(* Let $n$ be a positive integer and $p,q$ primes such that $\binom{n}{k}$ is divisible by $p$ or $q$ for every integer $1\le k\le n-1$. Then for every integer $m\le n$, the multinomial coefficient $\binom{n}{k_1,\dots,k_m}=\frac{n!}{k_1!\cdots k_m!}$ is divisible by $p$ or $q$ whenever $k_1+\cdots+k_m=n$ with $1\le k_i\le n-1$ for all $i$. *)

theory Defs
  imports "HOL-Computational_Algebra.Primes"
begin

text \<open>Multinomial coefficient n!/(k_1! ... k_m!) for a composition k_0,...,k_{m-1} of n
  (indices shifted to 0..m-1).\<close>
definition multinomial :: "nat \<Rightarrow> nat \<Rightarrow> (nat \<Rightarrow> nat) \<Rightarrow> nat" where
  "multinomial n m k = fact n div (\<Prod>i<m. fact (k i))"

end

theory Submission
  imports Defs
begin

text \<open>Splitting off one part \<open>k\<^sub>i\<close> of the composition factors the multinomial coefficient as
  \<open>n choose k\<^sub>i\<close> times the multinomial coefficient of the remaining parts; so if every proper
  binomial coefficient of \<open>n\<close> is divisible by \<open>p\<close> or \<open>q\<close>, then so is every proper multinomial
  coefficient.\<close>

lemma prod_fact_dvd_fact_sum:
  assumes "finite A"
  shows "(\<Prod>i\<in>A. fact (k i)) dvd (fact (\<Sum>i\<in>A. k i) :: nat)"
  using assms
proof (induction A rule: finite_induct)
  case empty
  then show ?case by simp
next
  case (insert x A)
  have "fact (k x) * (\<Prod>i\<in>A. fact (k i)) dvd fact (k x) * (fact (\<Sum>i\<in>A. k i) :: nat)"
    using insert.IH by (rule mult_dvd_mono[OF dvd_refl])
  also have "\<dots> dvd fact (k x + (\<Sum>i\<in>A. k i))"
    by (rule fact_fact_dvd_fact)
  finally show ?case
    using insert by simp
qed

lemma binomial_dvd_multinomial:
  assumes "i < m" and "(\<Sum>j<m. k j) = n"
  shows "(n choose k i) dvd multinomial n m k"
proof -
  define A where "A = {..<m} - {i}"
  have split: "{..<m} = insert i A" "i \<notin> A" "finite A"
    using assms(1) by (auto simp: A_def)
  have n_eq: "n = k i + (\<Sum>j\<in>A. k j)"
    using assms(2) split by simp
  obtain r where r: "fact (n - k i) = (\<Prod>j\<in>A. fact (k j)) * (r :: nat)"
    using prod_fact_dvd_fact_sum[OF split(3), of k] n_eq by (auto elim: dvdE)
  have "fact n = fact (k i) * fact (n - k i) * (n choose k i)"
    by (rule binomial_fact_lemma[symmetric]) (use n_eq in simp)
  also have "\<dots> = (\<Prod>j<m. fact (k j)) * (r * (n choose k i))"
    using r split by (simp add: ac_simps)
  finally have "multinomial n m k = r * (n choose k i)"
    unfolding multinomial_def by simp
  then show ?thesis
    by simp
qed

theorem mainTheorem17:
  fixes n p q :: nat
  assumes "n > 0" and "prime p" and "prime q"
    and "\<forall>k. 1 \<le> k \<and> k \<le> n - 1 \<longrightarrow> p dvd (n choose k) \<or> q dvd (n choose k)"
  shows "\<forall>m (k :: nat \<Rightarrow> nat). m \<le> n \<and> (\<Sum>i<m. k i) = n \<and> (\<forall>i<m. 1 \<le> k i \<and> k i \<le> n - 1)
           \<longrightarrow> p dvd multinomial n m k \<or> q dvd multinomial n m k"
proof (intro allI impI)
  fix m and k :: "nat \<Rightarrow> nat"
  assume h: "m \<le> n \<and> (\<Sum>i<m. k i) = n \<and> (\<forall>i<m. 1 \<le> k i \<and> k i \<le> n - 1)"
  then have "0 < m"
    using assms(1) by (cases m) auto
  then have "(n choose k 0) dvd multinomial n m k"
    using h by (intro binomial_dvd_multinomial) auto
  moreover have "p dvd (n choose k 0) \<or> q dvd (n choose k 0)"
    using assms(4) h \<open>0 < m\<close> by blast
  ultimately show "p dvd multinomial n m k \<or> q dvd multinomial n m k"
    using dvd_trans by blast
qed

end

======

TASK.
In the records above, locate each line with the word "close". Copy all such lines.

RESULT FOR THIS EXERCISE.
  (indices shifted to 0..m-1).\<close>
text \<open>Splitting off one part \<open>k\<^sub>i\<close> of the composition factors the multinomial coefficient as
  \<open>n choose k\<^sub>i\<close> times the multinomial coefficient of the remaining parts; so if every proper
  binomial coefficient of \<open>n\<close> is divisible by \<open>p\<close> or \<open>q\<close>, then so is every proper multinomial
  coefficient.\<close>
    using assms(4) h \<open>0 < m\<close> by blast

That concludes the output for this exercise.